(Saved data entries)
* * * * * * * * *

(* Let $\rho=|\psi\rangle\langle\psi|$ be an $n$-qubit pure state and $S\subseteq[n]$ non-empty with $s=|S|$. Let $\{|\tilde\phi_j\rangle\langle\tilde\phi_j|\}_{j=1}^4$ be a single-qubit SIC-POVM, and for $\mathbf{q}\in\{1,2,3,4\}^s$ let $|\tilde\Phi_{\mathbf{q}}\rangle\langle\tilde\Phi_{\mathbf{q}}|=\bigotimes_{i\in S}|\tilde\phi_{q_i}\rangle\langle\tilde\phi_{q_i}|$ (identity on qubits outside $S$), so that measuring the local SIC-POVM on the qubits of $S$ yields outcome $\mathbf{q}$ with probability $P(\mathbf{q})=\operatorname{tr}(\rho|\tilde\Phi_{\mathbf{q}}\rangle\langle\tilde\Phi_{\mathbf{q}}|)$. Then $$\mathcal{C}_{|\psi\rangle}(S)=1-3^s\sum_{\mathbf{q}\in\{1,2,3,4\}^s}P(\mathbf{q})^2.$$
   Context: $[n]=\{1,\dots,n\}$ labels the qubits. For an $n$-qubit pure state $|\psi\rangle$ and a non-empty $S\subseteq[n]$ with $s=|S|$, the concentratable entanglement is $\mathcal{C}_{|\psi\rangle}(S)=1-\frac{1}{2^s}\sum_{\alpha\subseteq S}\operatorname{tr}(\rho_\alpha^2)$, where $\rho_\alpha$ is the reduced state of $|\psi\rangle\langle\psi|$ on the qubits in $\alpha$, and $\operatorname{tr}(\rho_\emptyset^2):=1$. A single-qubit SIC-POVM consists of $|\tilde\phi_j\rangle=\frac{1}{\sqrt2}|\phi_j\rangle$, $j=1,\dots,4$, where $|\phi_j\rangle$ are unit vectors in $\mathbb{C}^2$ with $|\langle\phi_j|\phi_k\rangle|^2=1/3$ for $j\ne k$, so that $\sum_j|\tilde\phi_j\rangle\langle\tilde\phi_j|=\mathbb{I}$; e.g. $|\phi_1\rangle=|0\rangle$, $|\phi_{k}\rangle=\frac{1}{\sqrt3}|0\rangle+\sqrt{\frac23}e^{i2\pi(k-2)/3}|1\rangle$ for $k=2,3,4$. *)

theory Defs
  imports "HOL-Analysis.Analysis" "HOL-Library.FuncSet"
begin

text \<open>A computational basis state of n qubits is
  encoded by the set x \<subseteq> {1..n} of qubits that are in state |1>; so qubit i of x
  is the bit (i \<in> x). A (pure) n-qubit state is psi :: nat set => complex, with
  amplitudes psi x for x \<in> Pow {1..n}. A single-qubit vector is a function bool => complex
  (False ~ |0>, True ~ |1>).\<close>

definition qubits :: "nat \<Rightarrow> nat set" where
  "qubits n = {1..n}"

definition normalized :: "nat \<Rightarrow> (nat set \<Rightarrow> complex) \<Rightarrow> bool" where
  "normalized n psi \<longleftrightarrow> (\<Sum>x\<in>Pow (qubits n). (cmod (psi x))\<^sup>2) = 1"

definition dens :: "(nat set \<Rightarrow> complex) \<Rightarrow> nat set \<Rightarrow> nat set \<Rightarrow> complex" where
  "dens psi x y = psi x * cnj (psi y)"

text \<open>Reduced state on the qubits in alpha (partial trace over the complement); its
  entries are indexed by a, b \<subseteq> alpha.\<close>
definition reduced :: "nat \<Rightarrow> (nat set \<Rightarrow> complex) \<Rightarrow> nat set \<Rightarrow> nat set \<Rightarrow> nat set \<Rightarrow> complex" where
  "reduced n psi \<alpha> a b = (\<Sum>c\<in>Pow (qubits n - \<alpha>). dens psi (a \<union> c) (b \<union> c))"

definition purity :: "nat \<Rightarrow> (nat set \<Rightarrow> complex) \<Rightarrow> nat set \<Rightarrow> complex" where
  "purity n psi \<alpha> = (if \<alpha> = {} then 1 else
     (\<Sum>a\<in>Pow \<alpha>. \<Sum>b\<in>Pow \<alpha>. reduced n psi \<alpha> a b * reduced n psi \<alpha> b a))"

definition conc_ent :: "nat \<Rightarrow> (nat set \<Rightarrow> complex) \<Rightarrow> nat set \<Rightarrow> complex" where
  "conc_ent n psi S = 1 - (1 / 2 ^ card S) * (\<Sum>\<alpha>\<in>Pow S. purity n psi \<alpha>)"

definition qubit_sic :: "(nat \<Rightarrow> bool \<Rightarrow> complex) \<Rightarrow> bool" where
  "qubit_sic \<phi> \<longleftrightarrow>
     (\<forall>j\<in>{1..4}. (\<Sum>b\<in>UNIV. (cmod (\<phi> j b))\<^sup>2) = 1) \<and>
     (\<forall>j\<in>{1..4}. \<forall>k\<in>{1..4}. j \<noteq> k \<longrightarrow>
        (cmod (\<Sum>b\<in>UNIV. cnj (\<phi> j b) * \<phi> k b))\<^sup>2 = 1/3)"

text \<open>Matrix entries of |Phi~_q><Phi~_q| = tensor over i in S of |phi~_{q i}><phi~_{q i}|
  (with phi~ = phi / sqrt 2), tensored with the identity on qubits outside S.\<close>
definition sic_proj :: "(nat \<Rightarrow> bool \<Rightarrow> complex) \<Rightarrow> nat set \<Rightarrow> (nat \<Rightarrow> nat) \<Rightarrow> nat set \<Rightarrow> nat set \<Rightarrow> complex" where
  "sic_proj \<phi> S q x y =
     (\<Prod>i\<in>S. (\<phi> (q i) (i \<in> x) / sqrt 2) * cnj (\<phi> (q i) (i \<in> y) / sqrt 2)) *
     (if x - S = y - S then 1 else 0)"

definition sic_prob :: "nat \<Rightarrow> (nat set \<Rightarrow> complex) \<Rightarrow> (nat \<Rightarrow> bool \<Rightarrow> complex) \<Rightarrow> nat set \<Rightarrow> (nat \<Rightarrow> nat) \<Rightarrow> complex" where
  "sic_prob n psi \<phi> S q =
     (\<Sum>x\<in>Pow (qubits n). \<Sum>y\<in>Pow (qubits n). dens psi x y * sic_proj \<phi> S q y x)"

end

* * * * * * * * *

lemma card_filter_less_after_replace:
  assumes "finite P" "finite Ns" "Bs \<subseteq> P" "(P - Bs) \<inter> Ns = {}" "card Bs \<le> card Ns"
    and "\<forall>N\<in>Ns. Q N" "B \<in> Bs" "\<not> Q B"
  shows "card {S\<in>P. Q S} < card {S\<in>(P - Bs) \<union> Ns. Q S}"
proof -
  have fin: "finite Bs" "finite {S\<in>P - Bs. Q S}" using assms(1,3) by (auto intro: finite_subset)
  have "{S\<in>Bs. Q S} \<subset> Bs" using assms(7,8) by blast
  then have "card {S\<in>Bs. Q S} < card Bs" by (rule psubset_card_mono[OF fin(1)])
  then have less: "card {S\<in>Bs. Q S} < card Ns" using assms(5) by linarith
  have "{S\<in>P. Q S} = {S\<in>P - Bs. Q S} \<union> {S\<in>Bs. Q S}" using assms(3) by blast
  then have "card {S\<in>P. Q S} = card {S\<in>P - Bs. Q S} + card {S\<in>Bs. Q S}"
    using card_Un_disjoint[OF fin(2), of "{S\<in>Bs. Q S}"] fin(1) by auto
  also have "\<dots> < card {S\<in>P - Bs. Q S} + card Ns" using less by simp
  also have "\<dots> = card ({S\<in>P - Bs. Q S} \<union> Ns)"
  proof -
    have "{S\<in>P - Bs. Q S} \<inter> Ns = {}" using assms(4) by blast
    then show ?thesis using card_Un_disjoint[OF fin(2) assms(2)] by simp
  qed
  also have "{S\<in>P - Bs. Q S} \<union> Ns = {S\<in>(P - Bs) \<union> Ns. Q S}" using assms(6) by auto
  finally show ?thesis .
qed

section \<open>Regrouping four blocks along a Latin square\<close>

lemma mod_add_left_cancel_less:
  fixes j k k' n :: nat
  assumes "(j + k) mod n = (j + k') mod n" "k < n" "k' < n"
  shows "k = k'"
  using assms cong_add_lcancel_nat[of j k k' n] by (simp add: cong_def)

* * * * * * * * *

HOW TO COMPLETE THIS TASK >> Your answer should consist only of the lines above between the line holding "psi x * cnj" and the line holding "S) * (\<Sum>\<alpha>\<in>Pow", inclusive, each transcribed exactly.

RESPONSE BOX >>
  "dens psi x y = psi x * cnj (psi y)"

text \<open>Reduced state on the qubits in alpha (partial trace over the complement); its
  entries are indexed by a, b \<subseteq> alpha.\<close>
definition reduced :: "nat \<Rightarrow> (nat set \<Rightarrow> complex) \<Rightarrow> nat set \<Rightarrow> nat set \<Rightarrow> nat set \<Rightarrow> complex" where
  "reduced n psi \<alpha> a b = (\<Sum>c\<in>Pow (qubits n - \<alpha>). dens psi (a \<union> c) (b \<union> c))"

definition purity :: "nat \<Rightarrow> (nat set \<Rightarrow> complex) \<Rightarrow> nat set \<Rightarrow> complex" where
  "purity n psi \<alpha> = (if \<alpha> = {} then 1 else
     (\<Sum>a\<in>Pow \<alpha>. \<Sum>b\<in>Pow \<alpha>. reduced n psi \<alpha> a b * reduced n psi \<alpha> b a))"

definition conc_ent :: "nat \<Rightarrow> (nat set \<Rightarrow> complex) \<Rightarrow> nat set \<Rightarrow> complex" where
  "conc_ent n psi S = 1 - (1 / 2 ^ card S) * (\<Sum>\<alpha>\<in>Pow S. purity n psi \<alpha>)"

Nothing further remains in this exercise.